Entries taken from a collection
....................
(* Consider binary data $(x,y^* )$ with real covariate $x$ and true label $y^*\in\{0,1\}$, $p_k^*=\mathbb{P}(y^*=k)>0$, where covariates with true label $k$ have density $f_k^*$; let $X_k^*\sim f_k^*$ and assume $\mathbb{E}|X_k^*|<\infty$, $\mathbb{E}[X_1^*]>0$, $\mathbb{E}[X_0^*]<0$, $\mathbb{P}(X_1^*<0)>0$, $\mathbb{P}(X_0^*>0)>0$. Suppose observed labels $y$ arise by flipping each true label to the other class, independently across observations, with a probability that may depend on the true label and on $x$. Let $p_k=\mathbb{P}(y=k)$, let $X_k$ have the law of $x$ given $y=k$, and let $X$ have the (unconditional) law of $x$. Assume (iii) $\mathbb{E}[X_1^*]\ge\mathbb{E}[X_1]$ and $\mathbb{E}[X_0^*]\le\mathbb{E}[X_0]$; (iv) $p_1^*\mathbb{E}[X_1^*]-p_0^*\mathbb{E}[X_0^*]>p_1\mathbb{E}[X_1]-p_0\mathbb{E}[X_0]$. Define \[ \mathcal{L}^*(s)=s\big(p_1^*\mathbb{E}[X_1^*]-p_0^*\mathbb{E}[X_0^*]\big)-\mathbb{E}\big[\log(e^{sX}+e^{-sX})\big],\quad \mathcal{L}(s)=s\big(p_1\mathbb{E}[X_1]-p_0\mathbb{E}[X_0]\big)-\mathbb{E}\big[\log(e^{sX}+e^{-sX})\big], \] and suppose $\mathcal{L}^*$ and $\mathcal{L}$ attain their maxima over $s\in\mathbb{R}$ at $\hat s^*$ and $\hat s$ respectively. Then $\hat s<\hat s^*$.
   Context: The model is one-dimensional logistic regression without intercept, $\mathbb{P}(y^*=1\mid x)=e^{sx}/(e^{sx}+e^{-sx})$; $\mathcal{L}^*$ and $\mathcal{L}$ are the large-sample limits of the normalised log-likelihoods on clean and on mislabelled data, so $\hat s^*$ and $\hat s$ are the limiting standard logistic regression estimates of $s$ from clean and noisy data. *)

theory Defs
  imports "HOL-Probability.Probability"
begin

text \<open>Large-sample normalised log-likelihood of the no-intercept logistic model
  P(y=1|x) = e^{sx}/(e^{sx}+e^{-sx}):  L(s) = s*c - E[log(e^{sX}+e^{-sX})],
  where c = p_1 E[X_1] - p_0 E[X_0].\<close>
definition logit_obj :: "'a measure \<Rightarrow> ('a \<Rightarrow> real) \<Rightarrow> real \<Rightarrow> real \<Rightarrow> real" where
  "logit_obj M X c s = s * c - (\<integral>\<omega>. ln (exp (s * X \<omega>) + exp (- (s * X \<omega>))) \<partial>M)"

end

theory Submission
  imports Defs "HOL-Real_Asymp.Real_Asymp"
begin

text \<open>Both objectives are \<open>s \<mapsto> s c - G s\<close> with the same convex \<open>G s = E[log (e^{sX} + e^{-sX})]\<close>
  and tilts \<open>c* > c\<close> (hypothesis (iv)). Comparing each maximiser against the other gives
  \<open>(s* - s) (c* - c) \<ge> 0\<close>, so \<open>s \<le> s*\<close>. If the two maximisers coincided at \<open>t\<close>, testing
  \<open>t + h\<close> against \<open>c*\<close> and \<open>t - h\<close> against \<open>c\<close> would give
  \<open>h (c* - c) \<le> G (t + h) + G (t - h) - 2 G t\<close> for all \<open>h > 0\<close>; but this second difference
  is \<open>o(h)\<close>, because pointwise it is at most \<open>min (sinh\<^sup>2 (h X)) (2 h |X|)\<close> and dominated
  convergence applies once \<open>X\<close> is integrable.\<close>

definition log_partition :: "real \<Rightarrow> real" where
  "log_partition y = ln (exp y + exp (- y))"

definition mean_log_partition :: "'a measure \<Rightarrow> ('a \<Rightarrow> real) \<Rightarrow> real \<Rightarrow> real" where
  "mean_log_partition M X s = (\<integral>\<omega>. log_partition (s * X \<omega>) \<partial>M)"

lemma logit_obj_eq_mean_log_partition:
  "logit_obj M X c s = s * c - mean_log_partition M X s"
  by (simp add: logit_obj_def mean_log_partition_def log_partition_def)
(* Assume that $\pi$ is a permutation of length $j$ and $\delta=\delta_1\cdots\delta_{k+1}$ is a permutation of length $k+1$, disjoint from each other, where $\mathrm{des}(\pi) = j'$ and $\mathrm{des}(\delta) = k'$. Moreover, $\delta_1<\delta_2$ and all of the elements of $\delta$ are larger than the elements of $\pi$. Then \begin{align*} \sum_{\alpha \in \mathrm{Sh}_l(\pi,\delta)} t^{\mathrm{des}(\alpha)}&=\sum_{i\geq 1} \binom{k+1-k'+j'}{i+j'-k'} \binom{j-j'+k'-1}{i-1} t^{i+j'},\\ \sum_{\alpha \in \mathrm{Sh}_{ls}(\pi,\delta)} t^{\mathrm{des}(\alpha)}&=\sum_{i\geq 1} \binom{k-k'+j'}{i+j'-k'} \binom{j-j'+k'-1}{i-1} t^{i+j'},\\ \sum_{\alpha \in \mathrm{Sh}_{ll}(\pi,\delta)} t^{\mathrm{des}(\alpha)}&=\sum_{i\geq 1} \binom{k-k'+j'}{i+j'-k'} \binom{j-j'+k'-1}{i-1} t^{i+j'}. \end{align*}
   Context: A permutation of length $n$ here means a sequence of $n$ distinct integers (not necessarily $1,\dots,n$); two permutations are disjoint if they have no letters in common. For $\alpha=\alpha_1\cdots\alpha_n$, $\mathrm{des}(\alpha)$ is the number of indices $i$ with $\alpha_i>\alpha_{i+1}$. For disjoint permutations $\pi=\pi_1\cdots\pi_m$ and $\delta=\delta_1\cdots\delta_n$, a shuffle of $\pi$ and $\delta$ is a permutation $\alpha=\alpha_1\cdots\alpha_{m+n}$ containing both $\pi$ and $\delta$ as subsequences. $\mathrm{Sh}_l(\pi,\delta)$ is the set of shuffles with $\alpha_1=\delta_1$; $\mathrm{Sh}_{ls}(\pi,\delta)$ is the set of shuffles with $\alpha_1=\delta_1$ and $\alpha_{n+m}=\delta_n$ (the last letter of $\delta$); $\mathrm{Sh}_{ll}(\pi,\delta)$ is the set of shuffles with $\alpha_1=\delta_1$ and $\alpha_2=\delta_2$. *)

theory Defs
  imports Main "HOL-Library.Sublist"
begin

text \<open>A permutation is a list of distinct integers.\<close>
definition des :: "int list \<Rightarrow> nat" where
  "des \<alpha> = card {i. Suc i < length \<alpha> \<and> \<alpha> ! i > \<alpha> ! Suc i}"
....................
Read through the entries and copy each line in which "disjoint" appears.

__COMPLETED EXERCISE__.
(* Assume that $\pi$ is a permutation of length $j$ and $\delta=\delta_1\cdots\delta_{k+1}$ is a permutation of length $k+1$, disjoint from each other, where $\mathrm{des}(\pi) = j'$ and $\mathrm{des}(\delta) = k'$. Moreover, $\delta_1<\delta_2$ and all of the elements of $\delta$ are larger than the elements of $\pi$. Then \begin{align*} \sum_{\alpha \in \mathrm{Sh}_l(\pi,\delta)} t^{\mathrm{des}(\alpha)}&=\sum_{i\geq 1} \binom{k+1-k'+j'}{i+j'-k'} \binom{j-j'+k'-1}{i-1} t^{i+j'},\\ \sum_{\alpha \in \mathrm{Sh}_{ls}(\pi,\delta)} t^{\mathrm{des}(\alpha)}&=\sum_{i\geq 1} \binom{k-k'+j'}{i+j'-k'} \binom{j-j'+k'-1}{i-1} t^{i+j'},\\ \sum_{\alpha \in \mathrm{Sh}_{ll}(\pi,\delta)} t^{\mathrm{des}(\alpha)}&=\sum_{i\geq 1} \binom{k-k'+j'}{i+j'-k'} \binom{j-j'+k'-1}{i-1} t^{i+j'}. \end{align*}
   Context: A permutation of length $n$ here means a sequence of $n$ distinct integers (not necessarily $1,\dots,n$); two permutations are disjoint if they have no letters in common. For $\alpha=\alpha_1\cdots\alpha_n$, $\mathrm{des}(\alpha)$ is the number of indices $i$ with $\alpha_i>\alpha_{i+1}$. For disjoint permutations $\pi=\pi_1\cdots\pi_m$ and $\delta=\delta_1\cdots\delta_n$, a shuffle of $\pi$ and $\delta$ is a permutation $\alpha=\alpha_1\cdots\alpha_{m+n}$ containing both $\pi$ and $\delta$ as subsequences. $\mathrm{Sh}_l(\pi,\delta)$ is the set of shuffles with $\alpha_1=\delta_1$; $\mathrm{Sh}_{ls}(\pi,\delta)$ is the set of shuffles with $\alpha_1=\delta_1$ and $\alpha_{n+m}=\delta_n$ (the last letter of $\delta$); $\mathrm{Sh}_{ll}(\pi,\delta)$ is the set of shuffles with $\alpha_1=\delta_1$ and $\alpha_2=\delta_2$. *)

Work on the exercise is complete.